The expected output is a verbatim reprint of the lines from the beginning of the data that follows through the line that contains "Context: Order on".
===
theorem lemma5:
  fixes C :: "('o, 'm) smcat"
  assumes "discard_category C" and "pseudo_purifiable C"
  shows "(\<forall>A B f. f \<in> hom C A B \<longrightarrow> preceq C A B f f)
    \<and> (\<forall>A B f g h. preceq C A B f g \<and> preceq C A B g h \<longrightarrow> preceq C A B f h)
    \<and> (\<forall>A B D f f' g g'. preceq C A B f f' \<and> preceq C B D g g'
          \<longrightarrow> preceq C A D (cmp C g f) (cmp C g' f'))
    \<and> (\<forall>A B A' B' f f' g g'. preceq C A B f f' \<and> preceq C A' B' g g'
          \<longrightarrow> preceq C (otens C A A') (otens C B B') (mtens C f g) (mtens C f' g'))"
proof -
  interpret discard_category C by (rule assms(1))
  show ?thesis
    by (intro conjI allI impI; (elim conjE)?)
      (blast intro: preceq_refl preceq_trans[OF assms(2)] preceq_comp preceq_tens)+
qed

end
(* Let $G$ be a word hyperbolic group and $0\to\mathbb Z\xrightarrow{\iota}E\xrightarrow{\pi}G\to1$ a central extension, $X$ a finite set mapping onto a symmetric generating set of $E$ (evaluation $w\mapsto\overline w\in E$). Let $C>0$ be an integer such that for every $g\in G$ the maximum $\max\{\overline w\,\iota(-C\,\mathrm{len}(w)): w\in X^*,\ \pi(\overline w)=g\}$ exists in the ordered fibre $\pi^{-1}(g)$, and such that for some $\lambda>0$ every word achieving this maximum is a $(\lambda,0)$-quasigeodesic in the Cayley graph of $G$ with respect to $\pi(\overline X)$; let $\rho(g)$ denote this maximum. Then for every constant $k$ there is a constant $K(k)$ such that whenever $g,h\in G$ and $g$ lies within distance $k$ of a geodesic path in the Cayley graph of $G$ from $1$ to $gh$, we have $d_E(\rho(gh),\rho(g)\rho(h))\le K(k)$.
   Context: Order on a fibre: $h_1\le h_2$ iff $h_2h_1^{-1}=\iota(n)$ with $n\ge0$. $d_E$ is the word metric on $E$ with respect to the generating set $\overline X$. *)

theory Defs
  imports "HOL-Algebra.Algebra"
begin

definition word_prod :: "('a, 'b) monoid_scheme \<Rightarrow> 'a list \<Rightarrow> 'a" where
  "word_prod G ws = foldr (\<lambda>a b. a \<otimes>\<^bsub>G\<^esub> b) ws \<one>\<^bsub>G\<^esub>"

definition word_length :: "('a, 'b) monoid_scheme \<Rightarrow> 'a set \<Rightarrow> 'a \<Rightarrow> nat" where
  "word_length G S g = (LEAST n. \<exists>ws. set ws \<subseteq> S \<and> length ws = n \<and> word_prod G ws = g)"

definition word_dist :: "('a, 'b) monoid_scheme \<Rightarrow> 'a set \<Rightarrow> 'a \<Rightarrow> 'a \<Rightarrow> nat" where
  "word_dist G S x y = word_length G S (inv\<^bsub>G\<^esub> x \<otimes>\<^bsub>G\<^esub> y)"

definition gromov_product :: "('a, 'b) monoid_scheme \<Rightarrow> 'a set \<Rightarrow> 'a \<Rightarrow> 'a \<Rightarrow> 'a \<Rightarrow> real" where
  "gromov_product G S w x y =
     (real (word_dist G S w x) + real (word_dist G S w y) - real (word_dist G S x y)) / 2"

definition finite_sym_gen_set :: "('a, 'b) monoid_scheme \<Rightarrow> 'a set \<Rightarrow> bool" where
  "finite_sym_gen_set G S \<longleftrightarrow> finite S \<and> S \<subseteq> carrier G \<and> (\<forall>s\<in>S. inv\<^bsub>G\<^esub> s \<in> S)
     \<and> generate G S = carrier G"

definition word_hyperbolic :: "('a, 'b) monoid_scheme \<Rightarrow> bool" where
  "word_hyperbolic G \<longleftrightarrow> group G \<and> (\<exists>S. finite_sym_gen_set G S \<and> (\<exists>\<delta>::real.
     \<forall>w\<in>carrier G. \<forall>x\<in>carrier G. \<forall>y\<in>carrier G. \<forall>z\<in>carrier G.
       gromov_product G S w x z \<ge> min (gromov_product G S w x y) (gromov_product G S w y z) - \<delta>))"

definition central_extension ::
  "('g, 'a) monoid_scheme \<Rightarrow> ('e, 'b) monoid_scheme \<Rightarrow> (int \<Rightarrow> 'e) \<Rightarrow> ('e \<Rightarrow> 'g) \<Rightarrow> bool" where
  "central_extension G E \<iota> \<pi> \<longleftrightarrow> group G \<and> group E
     \<and> range \<iota> \<subseteq> carrier E \<and> (\<forall>a b. \<iota> (a + b) = \<iota> a \<otimes>\<^bsub>E\<^esub> \<iota> b) \<and> inj \<iota>
     \<and> (\<forall>n. \<forall>x\<in>carrier E. \<iota> n \<otimes>\<^bsub>E\<^esub> x = x \<otimes>\<^bsub>E\<^esub> \<iota> n)
     \<and> \<pi> \<in> hom E G \<and> \<pi> ` carrier E = carrier G
     \<and> {x \<in> carrier E. \<pi> x = \<one>\<^bsub>G\<^esub>} = range \<iota>"

definition fibre_le :: "('e, 'b) monoid_scheme \<Rightarrow> (int \<Rightarrow> 'e) \<Rightarrow> 'e \<Rightarrow> 'e \<Rightarrow> bool" where
  "fibre_le E \<iota> h1 h2 \<longleftrightarrow> (\<exists>n\<ge>0. h2 \<otimes>\<^bsub>E\<^esub> inv\<^bsub>E\<^esub> h1 = \<iota> n)"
===
→ THE COMPLETED TASK:
theorem lemma5:
  fixes C :: "('o, 'm) smcat"
  assumes "discard_category C" and "pseudo_purifiable C"
  shows "(\<forall>A B f. f \<in> hom C A B \<longrightarrow> preceq C A B f f)
    \<and> (\<forall>A B f g h. preceq C A B f g \<and> preceq C A B g h \<longrightarrow> preceq C A B f h)
    \<and> (\<forall>A B D f f' g g'. preceq C A B f f' \<and> preceq C B D g g'
          \<longrightarrow> preceq C A D (cmp C g f) (cmp C g' f'))
    \<and> (\<forall>A B A' B' f f' g g'. preceq C A B f f' \<and> preceq C A' B' g g'
          \<longrightarrow> preceq C (otens C A A') (otens C B B') (mtens C f g) (mtens C f' g'))"
proof -
  interpret discard_category C by (rule assms(1))
  show ?thesis
    by (intro conjI allI impI; (elim conjE)?)
      (blast intro: preceq_refl preceq_trans[OF assms(2)] preceq_comp preceq_tens)+
qed

end
(* Let $G$ be a word hyperbolic group and $0\to\mathbb Z\xrightarrow{\iota}E\xrightarrow{\pi}G\to1$ a central extension, $X$ a finite set mapping onto a symmetric generating set of $E$ (evaluation $w\mapsto\overline w\in E$). Let $C>0$ be an integer such that for every $g\in G$ the maximum $\max\{\overline w\,\iota(-C\,\mathrm{len}(w)): w\in X^*,\ \pi(\overline w)=g\}$ exists in the ordered fibre $\pi^{-1}(g)$, and such that for some $\lambda>0$ every word achieving this maximum is a $(\lambda,0)$-quasigeodesic in the Cayley graph of $G$ with respect to $\pi(\overline X)$; let $\rho(g)$ denote this maximum. Then for every constant $k$ there is a constant $K(k)$ such that whenever $g,h\in G$ and $g$ lies within distance $k$ of a geodesic path in the Cayley graph of $G$ from $1$ to $gh$, we have $d_E(\rho(gh),\rho(g)\rho(h))\le K(k)$.
   Context: Order on a fibre: $h_1\le h_2$ iff $h_2h_1^{-1}=\iota(n)$ with $n\ge0$. $d_E$ is the word metric on $E$ with respect to the generating set $\overline X$. *)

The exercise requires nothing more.